### What you have to do
Filter the listing down to the lines containing the word "signof".

### Study material
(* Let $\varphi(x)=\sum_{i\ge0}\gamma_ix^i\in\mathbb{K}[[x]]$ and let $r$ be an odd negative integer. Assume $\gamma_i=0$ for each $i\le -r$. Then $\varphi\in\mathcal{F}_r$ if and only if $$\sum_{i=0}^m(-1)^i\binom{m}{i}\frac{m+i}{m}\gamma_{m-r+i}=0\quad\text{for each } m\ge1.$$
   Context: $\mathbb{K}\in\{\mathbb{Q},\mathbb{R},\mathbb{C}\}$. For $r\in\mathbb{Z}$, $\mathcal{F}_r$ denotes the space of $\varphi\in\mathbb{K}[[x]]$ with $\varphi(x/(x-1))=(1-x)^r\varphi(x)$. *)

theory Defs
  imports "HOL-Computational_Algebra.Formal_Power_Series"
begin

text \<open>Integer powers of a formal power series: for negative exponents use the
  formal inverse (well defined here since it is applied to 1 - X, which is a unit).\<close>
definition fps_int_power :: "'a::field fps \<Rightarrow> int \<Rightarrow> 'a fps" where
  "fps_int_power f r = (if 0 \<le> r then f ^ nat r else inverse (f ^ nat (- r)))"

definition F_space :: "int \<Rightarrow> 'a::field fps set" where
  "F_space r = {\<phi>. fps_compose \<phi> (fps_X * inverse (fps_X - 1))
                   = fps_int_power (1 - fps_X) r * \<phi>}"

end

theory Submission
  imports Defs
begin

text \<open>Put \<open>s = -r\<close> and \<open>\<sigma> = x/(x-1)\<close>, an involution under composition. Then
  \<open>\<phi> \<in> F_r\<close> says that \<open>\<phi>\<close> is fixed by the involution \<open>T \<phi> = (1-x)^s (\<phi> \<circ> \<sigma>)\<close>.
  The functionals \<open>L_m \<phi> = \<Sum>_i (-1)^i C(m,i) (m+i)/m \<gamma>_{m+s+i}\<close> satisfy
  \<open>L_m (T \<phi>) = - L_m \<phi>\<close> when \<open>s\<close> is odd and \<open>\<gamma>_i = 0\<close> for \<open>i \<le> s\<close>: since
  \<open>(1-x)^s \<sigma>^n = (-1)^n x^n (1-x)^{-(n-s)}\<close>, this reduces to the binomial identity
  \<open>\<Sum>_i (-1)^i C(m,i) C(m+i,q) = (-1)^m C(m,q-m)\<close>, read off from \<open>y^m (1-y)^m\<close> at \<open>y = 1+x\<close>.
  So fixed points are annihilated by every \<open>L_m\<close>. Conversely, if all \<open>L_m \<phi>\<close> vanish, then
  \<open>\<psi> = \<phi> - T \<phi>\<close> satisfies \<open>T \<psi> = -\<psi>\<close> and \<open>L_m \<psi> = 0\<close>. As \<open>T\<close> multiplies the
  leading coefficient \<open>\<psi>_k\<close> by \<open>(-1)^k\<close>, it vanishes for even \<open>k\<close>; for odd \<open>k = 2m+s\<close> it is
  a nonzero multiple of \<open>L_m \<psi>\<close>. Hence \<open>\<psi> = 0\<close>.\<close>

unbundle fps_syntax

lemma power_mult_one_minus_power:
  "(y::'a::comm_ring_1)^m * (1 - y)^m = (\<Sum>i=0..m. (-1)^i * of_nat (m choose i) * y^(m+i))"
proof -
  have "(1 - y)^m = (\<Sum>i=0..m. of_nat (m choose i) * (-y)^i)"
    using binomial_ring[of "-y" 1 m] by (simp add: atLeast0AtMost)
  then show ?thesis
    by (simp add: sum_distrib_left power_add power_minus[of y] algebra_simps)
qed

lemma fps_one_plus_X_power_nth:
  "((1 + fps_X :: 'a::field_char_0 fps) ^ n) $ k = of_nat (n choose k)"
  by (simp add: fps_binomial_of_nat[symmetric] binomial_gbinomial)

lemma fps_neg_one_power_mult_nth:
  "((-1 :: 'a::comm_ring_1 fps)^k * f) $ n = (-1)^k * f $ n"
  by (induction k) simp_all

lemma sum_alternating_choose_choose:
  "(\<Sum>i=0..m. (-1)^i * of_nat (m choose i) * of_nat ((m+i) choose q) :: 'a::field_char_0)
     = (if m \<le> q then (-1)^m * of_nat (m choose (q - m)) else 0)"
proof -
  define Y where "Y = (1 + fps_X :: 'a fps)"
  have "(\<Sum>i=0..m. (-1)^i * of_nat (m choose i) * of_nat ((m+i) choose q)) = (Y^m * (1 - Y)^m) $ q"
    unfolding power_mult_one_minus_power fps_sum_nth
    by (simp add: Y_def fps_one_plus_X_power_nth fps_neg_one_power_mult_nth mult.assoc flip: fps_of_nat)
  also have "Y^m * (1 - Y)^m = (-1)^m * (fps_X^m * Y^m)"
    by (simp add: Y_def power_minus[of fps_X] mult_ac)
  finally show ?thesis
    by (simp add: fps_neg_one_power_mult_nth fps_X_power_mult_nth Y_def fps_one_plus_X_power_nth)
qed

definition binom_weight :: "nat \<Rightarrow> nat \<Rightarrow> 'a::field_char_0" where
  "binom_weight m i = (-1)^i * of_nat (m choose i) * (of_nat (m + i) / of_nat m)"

...

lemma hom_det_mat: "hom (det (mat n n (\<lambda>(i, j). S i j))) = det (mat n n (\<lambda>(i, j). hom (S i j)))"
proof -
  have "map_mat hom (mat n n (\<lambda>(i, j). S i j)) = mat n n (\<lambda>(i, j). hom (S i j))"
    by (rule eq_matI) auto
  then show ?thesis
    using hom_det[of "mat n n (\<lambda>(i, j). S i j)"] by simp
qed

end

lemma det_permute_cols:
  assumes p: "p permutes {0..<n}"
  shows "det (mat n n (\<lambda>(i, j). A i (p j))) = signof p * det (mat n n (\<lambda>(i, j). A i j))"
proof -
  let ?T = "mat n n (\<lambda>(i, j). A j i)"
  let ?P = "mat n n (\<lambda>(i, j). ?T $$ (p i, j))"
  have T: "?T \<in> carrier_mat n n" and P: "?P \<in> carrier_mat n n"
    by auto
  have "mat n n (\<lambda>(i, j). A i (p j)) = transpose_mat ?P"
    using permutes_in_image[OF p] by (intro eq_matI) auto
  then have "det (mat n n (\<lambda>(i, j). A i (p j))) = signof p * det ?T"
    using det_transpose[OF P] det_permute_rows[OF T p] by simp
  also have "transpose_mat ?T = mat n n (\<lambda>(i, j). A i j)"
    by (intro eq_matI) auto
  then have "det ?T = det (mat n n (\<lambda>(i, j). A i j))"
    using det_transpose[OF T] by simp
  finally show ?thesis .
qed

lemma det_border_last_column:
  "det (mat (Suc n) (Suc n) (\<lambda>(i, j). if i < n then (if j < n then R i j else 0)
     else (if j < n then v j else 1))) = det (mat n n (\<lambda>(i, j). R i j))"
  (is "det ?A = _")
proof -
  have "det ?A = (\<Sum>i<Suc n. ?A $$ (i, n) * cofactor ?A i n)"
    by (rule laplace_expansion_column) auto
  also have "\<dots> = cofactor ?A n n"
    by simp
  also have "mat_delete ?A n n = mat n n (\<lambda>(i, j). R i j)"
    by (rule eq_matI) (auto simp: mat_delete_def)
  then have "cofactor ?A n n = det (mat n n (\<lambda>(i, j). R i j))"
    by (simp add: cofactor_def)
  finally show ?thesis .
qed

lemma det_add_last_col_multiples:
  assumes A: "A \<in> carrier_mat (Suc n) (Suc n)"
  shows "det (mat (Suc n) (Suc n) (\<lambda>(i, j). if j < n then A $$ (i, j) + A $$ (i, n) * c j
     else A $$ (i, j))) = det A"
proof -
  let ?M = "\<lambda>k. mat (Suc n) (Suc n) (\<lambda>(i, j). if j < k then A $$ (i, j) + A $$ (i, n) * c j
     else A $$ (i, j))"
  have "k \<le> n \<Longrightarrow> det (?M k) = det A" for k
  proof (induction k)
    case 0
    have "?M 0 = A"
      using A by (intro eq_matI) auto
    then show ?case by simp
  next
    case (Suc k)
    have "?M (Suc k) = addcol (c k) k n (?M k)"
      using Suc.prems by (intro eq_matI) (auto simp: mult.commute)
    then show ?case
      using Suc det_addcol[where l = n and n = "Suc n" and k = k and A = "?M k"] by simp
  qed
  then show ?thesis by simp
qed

==

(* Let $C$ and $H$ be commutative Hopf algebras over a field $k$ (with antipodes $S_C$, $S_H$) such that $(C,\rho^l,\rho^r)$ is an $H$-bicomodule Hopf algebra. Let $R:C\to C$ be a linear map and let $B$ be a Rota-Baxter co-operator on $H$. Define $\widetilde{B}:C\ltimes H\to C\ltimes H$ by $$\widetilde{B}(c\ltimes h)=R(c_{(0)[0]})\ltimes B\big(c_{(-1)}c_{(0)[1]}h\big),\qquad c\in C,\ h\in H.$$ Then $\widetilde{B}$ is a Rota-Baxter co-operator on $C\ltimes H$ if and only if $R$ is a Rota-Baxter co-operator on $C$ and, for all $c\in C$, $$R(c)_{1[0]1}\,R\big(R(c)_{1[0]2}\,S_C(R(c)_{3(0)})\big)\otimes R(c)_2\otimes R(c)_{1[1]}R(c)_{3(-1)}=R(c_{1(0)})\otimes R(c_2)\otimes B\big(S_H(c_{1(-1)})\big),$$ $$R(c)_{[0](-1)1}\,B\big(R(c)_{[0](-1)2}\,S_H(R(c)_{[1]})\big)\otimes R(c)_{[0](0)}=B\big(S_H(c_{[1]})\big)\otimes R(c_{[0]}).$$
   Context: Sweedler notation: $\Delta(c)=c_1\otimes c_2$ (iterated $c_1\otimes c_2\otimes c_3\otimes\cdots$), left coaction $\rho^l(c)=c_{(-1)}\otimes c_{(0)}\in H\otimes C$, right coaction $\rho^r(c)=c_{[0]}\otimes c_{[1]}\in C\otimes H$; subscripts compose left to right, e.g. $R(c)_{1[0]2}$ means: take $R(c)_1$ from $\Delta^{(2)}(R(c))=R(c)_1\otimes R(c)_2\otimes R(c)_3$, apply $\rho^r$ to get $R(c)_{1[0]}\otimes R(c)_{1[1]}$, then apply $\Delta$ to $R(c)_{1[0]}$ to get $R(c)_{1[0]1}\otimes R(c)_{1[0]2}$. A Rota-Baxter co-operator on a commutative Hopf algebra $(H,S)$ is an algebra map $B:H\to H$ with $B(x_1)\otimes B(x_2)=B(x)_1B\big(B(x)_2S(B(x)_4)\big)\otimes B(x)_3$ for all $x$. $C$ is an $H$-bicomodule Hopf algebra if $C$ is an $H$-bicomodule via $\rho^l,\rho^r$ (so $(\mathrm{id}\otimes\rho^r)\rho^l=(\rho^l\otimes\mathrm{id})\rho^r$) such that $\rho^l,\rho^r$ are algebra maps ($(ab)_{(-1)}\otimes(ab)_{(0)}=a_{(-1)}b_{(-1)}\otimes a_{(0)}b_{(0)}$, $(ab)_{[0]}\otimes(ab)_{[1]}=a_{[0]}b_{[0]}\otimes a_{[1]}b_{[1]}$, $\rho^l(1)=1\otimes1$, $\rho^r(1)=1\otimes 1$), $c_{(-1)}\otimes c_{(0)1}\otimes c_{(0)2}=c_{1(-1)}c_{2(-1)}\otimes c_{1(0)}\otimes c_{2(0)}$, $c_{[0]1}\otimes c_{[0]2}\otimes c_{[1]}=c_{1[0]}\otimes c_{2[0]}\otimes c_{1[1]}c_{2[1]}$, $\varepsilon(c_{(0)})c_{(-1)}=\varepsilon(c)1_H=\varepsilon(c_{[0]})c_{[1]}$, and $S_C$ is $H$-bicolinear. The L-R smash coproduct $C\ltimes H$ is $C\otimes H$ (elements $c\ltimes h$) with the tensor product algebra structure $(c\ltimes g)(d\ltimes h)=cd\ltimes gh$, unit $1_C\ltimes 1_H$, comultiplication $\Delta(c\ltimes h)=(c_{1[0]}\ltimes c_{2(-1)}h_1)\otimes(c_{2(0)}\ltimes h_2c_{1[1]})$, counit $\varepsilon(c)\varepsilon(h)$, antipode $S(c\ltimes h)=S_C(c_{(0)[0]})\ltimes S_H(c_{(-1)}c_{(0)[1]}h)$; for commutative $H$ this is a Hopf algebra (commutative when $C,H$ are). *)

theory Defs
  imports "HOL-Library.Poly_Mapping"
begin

### The answer
  shows "det (mat n n (\<lambda>(i, j). A i (p j))) = signof p * det (mat n n (\<lambda>(i, j). A i j))"
  then have "det (mat n n (\<lambda>(i, j). A i (p j))) = signof p * det ?T"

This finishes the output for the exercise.